Look for "using False by simp" in the entries below. Write out that line and all later lines exactly, ending with the final one.

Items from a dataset
****************************************
lemma gmm_score_inner_lower_bound:
  fixes m :: "real^'p \<Rightarrow> real^'q" and G :: "real^'p \<Rightarrow> real^'p^'q" and W :: "real^'q^'q"
    and \<theta>\<^sub>0 :: "real^'p"
  defines "lam \<equiv> lambda_min (transpose (G \<theta>\<^sub>0) ** W ** G \<theta>\<^sub>0)"
  assumes W_sym: "transpose W = W"
    and m_zero: "m \<theta>\<^sub>0 = 0"
    and m_deriv: "\<And>\<theta>. \<theta> \<in> cball \<theta>\<^sub>0 r \<Longrightarrow> (m has_derivative (\<lambda>h. G \<theta> *v h)) (at \<theta> within cball \<theta>\<^sub>0 r)"
    and G_lip: "\<And>\<theta> \<theta>'. \<theta> \<in> cball \<theta>\<^sub>0 r \<Longrightarrow> \<theta>' \<in> cball \<theta>\<^sub>0 r \<Longrightarrow> opnorm (G \<theta> - G \<theta>') \<le> K * norm (\<theta> - \<theta>')"
    and ident: "opnorm W * K * r * (3/2 * opnorm (G \<theta>\<^sub>0) + 1/2 * K * r) \<le> lam / 2"
    and \<theta>: "\<theta> \<in> cball \<theta>\<^sub>0 r"
  shows "lam / 2 * (norm (\<theta> - \<theta>\<^sub>0))^2 \<le> (\<theta> - \<theta>\<^sub>0) \<bullet> (transpose (G \<theta>) *v (W *v m \<theta>))"
proof (cases "\<theta> = \<theta>\<^sub>0")
  case False
  define h where "h = \<theta> - \<theta>\<^sub>0"
  define n where "n = norm h"
  define u where "u = G \<theta>\<^sub>0 *v h"
  define d where "d = (G \<theta> - G \<theta>\<^sub>0) *v h"
  define e where "e = m \<theta> - u"
  have "\<theta>\<^sub>0 \<in> cball \<theta>\<^sub>0 r"
    using \<theta> zero_le_dist[of \<theta>\<^sub>0 \<theta>] unfolding mem_cball dist_self by linarith
  have "0 \<le> opnorm (G \<theta> - G \<theta>\<^sub>0)" by (rule opnorm_nonneg)
  also have "\<dots> \<le> K * n"
    using G_lip[OF \<theta> \<open>\<theta>\<^sub>0 \<in> cball \<theta>\<^sub>0 r\<close>] by (simp add: n_def h_def)
  finally have "0 \<le> K"
    using False by (simp add: n_def h_def zero_le_mult_iff)
  note errors = lipschitz_jacobian_errors_le[OF m_deriv G_lip m_zero \<theta> this]
  have "\<bar>(u + d) \<bullet> (W *v (u + e)) - u \<bullet> (W *v u)\<bar>
      \<le> opnorm W * (opnorm (G \<theta>\<^sub>0) * n * (K / 2 * r * n) + K * r * n * (opnorm (G \<theta>\<^sub>0) * n)
                      + K * r * n * (K / 2 * r * n))"
    using errors unfolding u_def d_def e_def n_def h_def
    by (intro inner_perturbed_form_le opnorm_mult_vector_le)
  also have "\<dots> = opnorm W * K * r * (3/2 * opnorm (G \<theta>\<^sub>0) + 1/2 * K * r) * n^2"
    by (simp add: power2_eq_square algebra_simps)
  also have "\<dots> \<le> lam / 2 * n^2"
    using ident by (intro mult_right_mono) auto
  finally have "\<bar>(u + d) \<bullet> (W *v (u + e)) - u \<bullet> (W *v u)\<bar> \<le> lam / 2 * n^2" .
  moreover have "lam * n^2 \<le> u \<bullet> (W *v u)"
    unfolding lam_def n_def u_def by (rule lambda_min_gram_le[OF W_sym])
  moreover have "h \<bullet> (transpose (G \<theta>) *v (W *v m \<theta>)) = (G \<theta> *v h) \<bullet> (W *v m \<theta>)"
    by (rule inner_transpose_mult_vector)
  moreover have "\<dots> = (u + d) \<bullet> (W *v (u + e))"
    by (simp add: u_def d_def e_def matrix_vector_mult_diff_rdistrib)
  ultimately show ?thesis
    unfolding n_def h_def by linarith
qed simp

lemma gmm_score_coercive:
  fixes m :: "real^'p \<Rightarrow> real^'q" and G :: "real^'p \<Rightarrow> real^'p^'q" and W :: "real^'q^'q"
    and \<theta>\<^sub>0 :: "real^'p"
  defines "lam \<equiv> lambda_min (transpose (G \<theta>\<^sub>0) ** W ** G \<theta>\<^sub>0)"
  assumes W_sym: "transpose W = W"
    and m_zero: "m \<theta>\<^sub>0 = 0"
    and m_deriv: "\<And>\<theta>. \<theta> \<in> cball \<theta>\<^sub>0 r \<Longrightarrow> (m has_derivative (\<lambda>h. G \<theta> *v h)) (at \<theta> within cball \<theta>\<^sub>0 r)"
    and G_lip: "\<And>\<theta> \<theta>'. \<theta> \<in> cball \<theta>\<^sub>0 r \<Longrightarrow> \<theta>' \<in> cball \<theta>\<^sub>0 r \<Longrightarrow> opnorm (G \<theta> - G \<theta>') \<le> K * norm (\<theta> - \<theta>')"
    and ident: "opnorm W * K * r * (3/2 * opnorm (G \<theta>\<^sub>0) + 1/2 * K * r) \<le> lam / 2"
    and \<theta>: "\<theta> \<in> cball \<theta>\<^sub>0 r"
  shows "lam / 2 * norm (\<theta> - \<theta>\<^sub>0) \<le> norm (transpose (G \<theta>) *v (W *v m \<theta>))"
proof (cases "\<theta> = \<theta>\<^sub>0")
  case False
  let ?\<Psi> = "transpose (G \<theta>) *v (W *v m \<theta>)"
  have "lam / 2 * norm (\<theta> - \<theta>\<^sub>0) * norm (\<theta> - \<theta>\<^sub>0) \<le> (\<theta> - \<theta>\<^sub>0) \<bullet> ?\<Psi>"
    using gmm_score_inner_lower_bound[OF W_sym m_zero m_deriv G_lip ident[unfolded lam_def] \<theta>]
    by (simp add: lam_def power2_eq_square mult.assoc)
  also have "\<dots> \<le> norm ?\<Psi> * norm (\<theta> - \<theta>\<^sub>0)"
    by (metis Cauchy_Schwarz_ineq2 abs_ge_self mult.commute order.trans)
  finally show ?thesis
    using False by simp
qed simp

lemma norm_weighted_sum_diff_le:
  fixes x y :: "'i \<Rightarrow> 'a::real_normed_vector"
  assumes "\<And>k. k \<in> K \<Longrightarrow> 0 \<le> a k" "\<And>k. k \<in> K \<Longrightarrow> norm (x k - y k) \<le> b k"
  shows "norm ((\<Sum>k\<in>K. a k *\<^sub>R x k) - (\<Sum>k\<in>K. a k *\<^sub>R y k)) \<le> (\<Sum>k\<in>K. a k * b k)"
proof -
  have "norm ((\<Sum>k\<in>K. a k *\<^sub>R x k) - (\<Sum>k\<in>K. a k *\<^sub>R y k)) = norm (\<Sum>k\<in>K. a k *\<^sub>R (x k - y k))"
    by (simp add: sum_subtractf scaleR_diff_right)
  also have "\<dots> \<le> (\<Sum>k\<in>K. norm (a k *\<^sub>R (x k - y k)))"
    by (rule norm_sum)
  also have "\<dots> = (\<Sum>k\<in>K. a k * norm (x k - y k))"
    using assms(1) by (intro sum.cong) auto
  also have "\<dots> \<le> (\<Sum>k\<in>K. a k * b k)"
    using assms by (intro sum_mono mult_left_mono) auto
  finally show ?thesis .
qed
****************************************
FINISHED EXERCISE
    using False by simp
qed simp

lemma norm_weighted_sum_diff_le:
  fixes x y :: "'i \<Rightarrow> 'a::real_normed_vector"
  assumes "\<And>k. k \<in> K \<Longrightarrow> 0 \<le> a k" "\<And>k. k \<in> K \<Longrightarrow> norm (x k - y k) \<le> b k"
  shows "norm ((\<Sum>k\<in>K. a k *\<^sub>R x k) - (\<Sum>k\<in>K. a k *\<^sub>R y k)) \<le> (\<Sum>k\<in>K. a k * b k)"
proof -
  have "norm ((\<Sum>k\<in>K. a k *\<^sub>R x k) - (\<Sum>k\<in>K. a k *\<^sub>R y k)) = norm (\<Sum>k\<in>K. a k *\<^sub>R (x k - y k))"
    by (simp add: sum_subtractf scaleR_diff_right)
  also have "\<dots> \<le> (\<Sum>k\<in>K. norm (a k *\<^sub>R (x k - y k)))"
    by (rule norm_sum)
  also have "\<dots> = (\<Sum>k\<in>K. a k * norm (x k - y k))"
    using assms(1) by (intro sum.cong) auto
  also have "\<dots> \<le> (\<Sum>k\<in>K. a k * b k)"
    using assms by (intro sum_mono mult_left_mono) auto
  finally show ?thesis .
qed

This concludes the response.